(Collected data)
··········
(* Let $R$ be a ring, $M$ a nonzero left $R$-module, $\Omega$ an infinite set, and $E=\mathrm{End}_R(\bigoplus_{i\in\Omega}M)$ or $E=\mathrm{End}_R(\prod_{i\in\Omega}M)$. Suppose that $(R_i)_{i\in I}$ is a chain (totally ordered by inclusion) of subrings of $E$ such that $\bigcup_{i\in I}R_i=E$ and $|I|\le|\Omega|$. Then $E=R_i$ for some $i\in I$. In other words, $E$ is not the union of a chain of at most $|\Omega|$ proper subrings.
   Context: Rings are unital and associative; subrings of $E$ are understood as subrings of the ring $E$ (closed under addition, negation and multiplication and containing $0$ and $1$). *)

theory Defs
  imports "HOL-Algebra.Module" "HOL-Algebra.Subrings"
begin

text \<open>The library locale module requires a commutative ring, so we define
  the general notion with the same axioms but only assuming ring R.\<close>

locale left_module = R?: ring R + M?: abelian_group M
  for R :: "('r, 'e) ring_scheme" (structure) and M :: "('r, 'm) module" (structure) +
  assumes smult_closed:
      "\<lbrakk> a \<in> carrier R; x \<in> carrier M \<rbrakk> \<Longrightarrow> a \<odot>\<^bsub>M\<^esub> x \<in> carrier M"
    and smult_l_distr:
      "\<lbrakk> a \<in> carrier R; b \<in> carrier R; x \<in> carrier M \<rbrakk> \<Longrightarrow>
      (a \<oplus> b) \<odot>\<^bsub>M\<^esub> x = a \<odot>\<^bsub>M\<^esub> x \<oplus>\<^bsub>M\<^esub> b \<odot>\<^bsub>M\<^esub> x"
    and smult_r_distr:
      "\<lbrakk> a \<in> carrier R; x \<in> carrier M; y \<in> carrier M \<rbrakk> \<Longrightarrow>
      a \<odot>\<^bsub>M\<^esub> (x \<oplus>\<^bsub>M\<^esub> y) = a \<odot>\<^bsub>M\<^esub> x \<oplus>\<^bsub>M\<^esub> a \<odot>\<^bsub>M\<^esub> y"
    and smult_assoc1:
      "\<lbrakk> a \<in> carrier R; b \<in> carrier R; x \<in> carrier M \<rbrakk> \<Longrightarrow>
      (a \<otimes> b) \<odot>\<^bsub>M\<^esub> x = a \<odot>\<^bsub>M\<^esub> (b \<odot>\<^bsub>M\<^esub> x)"
    and smult_one:
      "x \<in> carrier M \<Longrightarrow> \<one> \<odot>\<^bsub>M\<^esub> x = x"

text \<open>Only the additive group and the scalar multiplication are meaningful;
  the ring-multiplication fields of the record are irrelevant.\<close>

definition direct_sum_mod :: "'o set \<Rightarrow> ('r, 'm) module \<Rightarrow> ('r, 'o \<Rightarrow> 'm) module" where
  "direct_sum_mod \<Omega> M =
    \<lparr> carrier = {f \<in> \<Omega> \<rightarrow>\<^sub>E carrier M. finite {i \<in> \<Omega>. f i \<noteq> \<zero>\<^bsub>M\<^esub>}},
      mult = undefined, one = undefined,
      zero = (\<lambda>i\<in>\<Omega>. \<zero>\<^bsub>M\<^esub>),
      add = (\<lambda>f g. \<lambda>i\<in>\<Omega>. f i \<oplus>\<^bsub>M\<^esub> g i),
      smult = (\<lambda>r f. \<lambda>i\<in>\<Omega>. r \<odot>\<^bsub>M\<^esub> f i) \<rparr>"

definition direct_prod_mod :: "'o set \<Rightarrow> ('r, 'm) module \<Rightarrow> ('r, 'o \<Rightarrow> 'm) module" where
  "direct_prod_mod \<Omega> M =
    \<lparr> carrier = \<Omega> \<rightarrow>\<^sub>E carrier M,
      mult = undefined, one = undefined,
      zero = (\<lambda>i\<in>\<Omega>. \<zero>\<^bsub>M\<^esub>),
      add = (\<lambda>f g. \<lambda>i\<in>\<Omega>. f i \<oplus>\<^bsub>M\<^esub> g i),
      smult = (\<lambda>r f. \<lambda>i\<in>\<Omega>. r \<odot>\<^bsub>M\<^esub> f i) \<rparr>"

definition module_endos :: "('r, 'e) ring_scheme \<Rightarrow> ('r, 'n) module \<Rightarrow> ('n \<Rightarrow> 'n) set" where
  "module_endos R N =
    {\<phi>. \<phi> \<in> carrier N \<rightarrow>\<^sub>E carrier N \<and>
         (\<forall>x\<in>carrier N. \<forall>y\<in>carrier N. \<phi> (x \<oplus>\<^bsub>N\<^esub> y) = \<phi> x \<oplus>\<^bsub>N\<^esub> \<phi> y) \<and>
         (\<forall>r\<in>carrier R. \<forall>x\<in>carrier N. \<phi> (r \<odot>\<^bsub>N\<^esub> x) = r \<odot>\<^bsub>N\<^esub> \<phi> x)}"

definition End_ring :: "('r, 'e) ring_scheme \<Rightarrow> ('r, 'n) module \<Rightarrow> ('n \<Rightarrow> 'n) ring" where
  "End_ring R N =
    \<lparr> carrier = module_endos R N,
      mult = (\<lambda>\<phi> \<psi>. compose (carrier N) \<phi> \<psi>),
      one = (\<lambda>x\<in>carrier N. x),
      zero = (\<lambda>x\<in>carrier N. \<zero>\<^bsub>N\<^esub>),
      add = (\<lambda>\<phi> \<psi>. \<lambda>x\<in>carrier N. \<phi> x \<oplus>\<^bsub>N\<^esub> \<psi> x) \<rparr>"

end

theory Submission
  imports Defs
begin

text \<open>Since \<open>\<Omega>\<close> is infinite and \<open>|I| \<le> |\<Omega>|\<close>, there is an injection \<open>g : I \<times> \<Omega> \<rightarrow> \<Omega>\<close>; it
  splits the coordinates into \<open>|I|\<close> blocks, each a copy of \<open>\<Omega>\<close>. Reading off block \<open>j\<close> and
  writing into block \<open>j\<close> are endomorphisms \<open>p\<^sub>j\<close> and \<open>q\<^sub>j\<close>, and every family \<open>(y\<^sub>j)\<^sub>j\<^sub>\<in>\<^sub>I\<close> of
  endomorphisms is realised as \<open>y\<^sub>j = p\<^sub>j d q\<^sub>j\<close> by one block diagonal endomorphism \<open>d\<close>.
  If \<open>E \<noteq> p\<^sub>j S\<^sub>j q\<^sub>j\<close> for every \<open>j\<close>, pick \<open>y\<^sub>j \<notin> p\<^sub>j S\<^sub>j q\<^sub>j\<close>; the diagonal \<open>d\<close> lies in some \<open>S\<^sub>i\<close>,
  so \<open>y\<^sub>i \<in> p\<^sub>i S\<^sub>i q\<^sub>i\<close>, a contradiction. Hence \<open>E = p\<^sub>j S\<^sub>j q\<^sub>j\<close> for some \<open>j\<close>, and the member of
  the chain containing \<open>S\<^sub>j\<close>, \<open>p\<^sub>j\<close> and \<open>q\<^sub>j\<close> is all of \<open>E\<close>.\<close>

lemma covering_submonoid_chain_improper:
  fixes G :: "('a, 'b) monoid_scheme" and S :: "'j \<Rightarrow> 'a set"
  assumes sub: "\<forall>i\<in>I. submonoid (S i) G"
    and chain: "\<forall>i\<in>I. \<forall>j\<in>I. S i \<subseteq> S j \<or> S j \<subseteq> S i"
    and cover: "(\<Union>i\<in>I. S i) = carrier G"
    and p: "p \<in> I \<rightarrow> carrier G" and q: "q \<in> I \<rightarrow> carrier G"
    and diagonal: "\<And>y. y \<in> I \<rightarrow> carrier G \<Longrightarrow> \<exists>d\<in>carrier G. \<forall>j\<in>I. p j \<otimes>\<^bsub>G\<^esub> d \<otimes>\<^bsub>G\<^esub> q j = y j"
  shows "\<exists>i\<in>I. S i = carrier G"
proof -
  have "\<exists>j\<in>I. \<forall>y\<in>carrier G. \<exists>z\<in>S j. y = p j \<otimes>\<^bsub>G\<^esub> z \<otimes>\<^bsub>G\<^esub> q j"
  proof (rule ccontr)
    assume "\<not> ?thesis"
    then have "\<forall>j\<in>I. \<exists>y\<in>carrier G. \<forall>z\<in>S j. y \<noteq> p j \<otimes>\<^bsub>G\<^esub> z \<otimes>\<^bsub>G\<^esub> q j"
      by blast
    then obtain y where y: "y \<in> I \<rightarrow> carrier G"
      and avoids: "\<And>j z. j \<in> I \<Longrightarrow> z \<in> S j \<Longrightarrow> y j \<noteq> p j \<otimes>\<^bsub>G\<^esub> z \<otimes>\<^bsub>G\<^esub> q j"
      by (metis Pi_I)
    obtain d where "d \<in> carrier G" and d: "\<forall>j\<in>I. p j \<otimes>\<^bsub>G\<^esub> d \<otimes>\<^bsub>G\<^esub> q j = y j"
      using diagonal[OF y] by blast
    then obtain i where "i \<in> I" "d \<in> S i"
      using cover by blast
    then show False
      using avoids d by metis
  qed
  then obtain j where j: "j \<in> I"
    and factor: "\<forall>y\<in>carrier G. \<exists>z\<in>S j. y = p j \<otimes>\<^bsub>G\<^esub> z \<otimes>\<^bsub>G\<^esub> q j"
    by blast
  obtain a b where a: "a \<in> I" "p j \<in> S a" and b: "b \<in> I" "q j \<in> S b"
    using cover p q j by blast
  have upper_bound: "\<exists>k\<in>I. S i \<subseteq> S k \<and> S i' \<subseteq> S k" if "i \<in> I" "i' \<in> I" for i i'
    using chain that by blast
  obtain k' where k': "k' \<in> I" "S j \<subseteq> S k'" "S a \<subseteq> S k'"
    using upper_bound[OF j a(1)] by blast
  obtain k where k: "k \<in> I" "S j \<subseteq> S k" "S a \<subseteq> S k" "S b \<subseteq> S k"
    using upper_bound[OF k'(1) b(1)] k'(2,3) by blast
  interpret submonoid "S k" G
    using sub k(1) by blast
  have "carrier G \<subseteq> S k"
  proof
    fix y
    assume "y \<in> carrier G"
    then obtain z where "z \<in> S j" "y = p j \<otimes>\<^bsub>G\<^esub> z \<otimes>\<^bsub>G\<^esub> q j"
      using factor by blast
    then show "y \<in> S k"
      using a(2) b(2) k(2-4) by auto
  qed
  then show ?thesis
    using subset k(1) by blast
qed

lemma (in left_module) smult_r_null [simp]: "a \<in> carrier R \<Longrightarrow> a \<odot>\<^bsub>M\<^esub> \<zero>\<^bsub>M\<^esub> = \<zero>\<^bsub>M\<^esub>"
  by (metis M.add.l_cancel_one M.zero_closed smult_closed smult_r_distr)

locale power_module = left_module R M
  for R :: "('r, 'e) ring_scheme" and M :: "('r, 'm) module" +
  fixes \<Omega> :: "'o set" and finsupp :: bool and N :: "('r, 'o \<Rightarrow> 'm) module"
  assumes carrier_N: "carrier N = {f \<in> \<Omega> \<rightarrow>\<^sub>E carrier M. finsupp \<longrightarrow> finite {x \<in> \<Omega>. f x \<noteq> \<zero>\<^bsub>M\<^esub>}}"
    and add_N: "v \<oplus>\<^bsub>N\<^esub> w = (\<lambda>x\<in>\<Omega>. v x \<oplus>\<^bsub>M\<^esub> w x)"
    and smult_N: "r \<odot>\<^bsub>N\<^esub> v = (\<lambda>x\<in>\<Omega>. r \<odot>\<^bsub>M\<^esub> v x)"
begin

definition supp :: "('o \<Rightarrow> 'm) \<Rightarrow> 'o set" where
  "supp v = {x \<in> \<Omega>. v x \<noteq> \<zero>\<^bsub>M\<^esub>}"

lemma carrier_NI:
  assumes "v \<in> extensional \<Omega>" and "\<And>x. x \<in> \<Omega> \<Longrightarrow> v x \<in> carrier M"
    and "finsupp \<Longrightarrow> finite (supp v)"
  shows "v \<in> carrier N"
  using assms unfolding carrier_N supp_def by (auto simp: PiE_iff)

lemma carrier_ND:
  assumes "v \<in> carrier N"
  shows carrier_N_extensional: "v \<in> extensional \<Omega>"
    and carrier_N_coord: "x \<in> \<Omega> \<Longrightarrow> v x \<in> carrier M"
    and carrier_N_finite_supp: "finsupp \<Longrightarrow> finite (supp v)"
  using assms unfolding carrier_N supp_def by (auto simp: PiE_iff)

lemma add_closed_N:
  assumes "v \<in> carrier N" and "w \<in> carrier N"
  shows "v \<oplus>\<^bsub>N\<^esub> w \<in> carrier N"
proof (rule carrier_NI)
  have "supp (v \<oplus>\<^bsub>N\<^esub> w) \<subseteq> supp v \<union> supp w"
    using assms by (auto simp: supp_def add_N carrier_N_coord)
  then show "finsupp \<Longrightarrow> finite (supp (v \<oplus>\<^bsub>N\<^esub> w))"
    using assms by (meson carrier_N_finite_supp finite_UnI finite_subset)
qed (use assms in \<open>auto simp: add_N carrier_N_coord\<close>)

lemma smult_closed_N:
  assumes "r \<in> carrier R" and "v \<in> carrier N"
  shows "r \<odot>\<^bsub>N\<^esub> v \<in> carrier N"
proof (rule carrier_NI)
  have "supp (r \<odot>\<^bsub>N\<^esub> v) \<subseteq> supp v"
    using assms by (auto simp: supp_def smult_N)
  then show "finsupp \<Longrightarrow> finite (supp (r \<odot>\<^bsub>N\<^esub> v))"
    using assms by (meson carrier_N_finite_supp finite_subset)
qed (use assms in \<open>auto simp: smult_N carrier_N_coord smult_closed\<close>)

lemma module_endosD:
  assumes "\<phi> \<in> module_endos R N"
  shows module_endos_closed: "v \<in> carrier N \<Longrightarrow> \<phi> v \<in> carrier N"
    and module_endos_undefined: "v \<notin> carrier N \<Longrightarrow> \<phi> v = undefined"
    and module_endos_add: "v \<in> carrier N \<Longrightarrow> w \<in> carrier N \<Longrightarrow> \<phi> (v \<oplus>\<^bsub>N\<^esub> w) = \<phi> v \<oplus>\<^bsub>N\<^esub> \<phi> w"
    and module_endos_smult: "r \<in> carrier R \<Longrightarrow> v \<in> carrier N \<Longrightarrow> \<phi> (r \<odot>\<^bsub>N\<^esub> v) = r \<odot>\<^bsub>N\<^esub> \<phi> v"
  using assms unfolding module_endos_def by auto

lemma module_endos_zero:
  assumes \<phi>: "\<phi> \<in> module_endos R N"
  shows "\<phi> (\<lambda>x\<in>\<Omega>. \<zero>\<^bsub>M\<^esub>) = (\<lambda>x\<in>\<Omega>. \<zero>\<^bsub>M\<^esub>)"
proof -
  let ?zero = "\<lambda>x\<in>\<Omega>. \<zero>\<^bsub>M\<^esub>"
  have zero: "?zero \<in> carrier N"
    by (rule carrier_NI) (auto simp: supp_def)
  have "?zero \<oplus>\<^bsub>N\<^esub> ?zero = ?zero"
    unfolding add_N by (rule restrict_ext) simp
  then have idem: "\<phi> ?zero = \<phi> ?zero \<oplus>\<^bsub>N\<^esub> \<phi> ?zero"
    using module_endos_add[OF \<phi> zero zero] by simp
  show ?thesis
  proof (rule extensionalityI[OF carrier_N_extensional[OF module_endos_closed[OF \<phi> zero]]])
    fix x
    assume x: "x \<in> \<Omega>"
    have "\<phi> ?zero x = \<phi> ?zero x \<oplus>\<^bsub>M\<^esub> \<phi> ?zero x"
      using fun_cong[OF idem, of x] x by (simp add: add_N)
    then show "\<phi> ?zero x = ?zero x"
      using carrier_N_coord[OF module_endos_closed[OF \<phi> zero] x] x by simp
  qed simp
qed

lemma module_endosI_coordinatewise:
  assumes closed: "\<And>v. v \<in> carrier N \<Longrightarrow> \<phi> v \<in> carrier N"
    and extensional: "\<phi> \<in> extensional (carrier N)"
    and add: "\<And>v w x. v \<in> carrier N \<Longrightarrow> w \<in> carrier N \<Longrightarrow> x \<in> \<Omega> \<Longrightarrow>
      \<phi> (v \<oplus>\<^bsub>N\<^esub> w) x = \<phi> v x \<oplus>\<^bsub>M\<^esub> \<phi> w x"
    and smult: "\<And>r v x. r \<in> carrier R \<Longrightarrow> v \<in> carrier N \<Longrightarrow> x \<in> \<Omega> \<Longrightarrow>
      \<phi> (r \<odot>\<^bsub>N\<^esub> v) x = r \<odot>\<^bsub>M\<^esub> \<phi> v x"
  shows "\<phi> \<in> module_endos R N"
  unfolding module_endos_def
proof (intro CollectI conjI ballI PiE_I closed)
  fix v w
  assume v: "v \<in> carrier N" and w: "w \<in> carrier N"
  show "\<phi> (v \<oplus>\<^bsub>N\<^esub> w) = \<phi> v \<oplus>\<^bsub>N\<^esub> \<phi> w"
  proof (rule extensionalityI[of _ \<Omega>])
    fix x
    assume "x \<in> \<Omega>"
    then show "\<phi> (v \<oplus>\<^bsub>N\<^esub> w) x = (\<phi> v \<oplus>\<^bsub>N\<^esub> \<phi> w) x"
      using add[OF v w] by (simp add: add_N)
  qed (use closed v w add_closed_N carrier_N_extensional in \<open>auto simp: add_N\<close>)
next
  fix r v
  assume r: "r \<in> carrier R" and v: "v \<in> carrier N"
  show "\<phi> (r \<odot>\<^bsub>N\<^esub> v) = r \<odot>\<^bsub>N\<^esub> \<phi> v"
  proof (rule extensionalityI[of _ \<Omega>])
    fix x
    assume "x \<in> \<Omega>"
    then show "\<phi> (r \<odot>\<^bsub>N\<^esub> v) x = (r \<odot>\<^bsub>N\<^esub> \<phi> v) x"
      using smult[OF r v] by (simp add: smult_N)
  qed (use closed r v smult_closed_N carrier_N_extensional in \<open>auto simp: smult_N\<close>)
qed (use extensional in \<open>auto simp: extensional_def\<close>)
··········
Only the number is wanted here. Please work out how many lines of the records contain "containing".

▶ **SOLUTION TO THIS PROBLEM**
2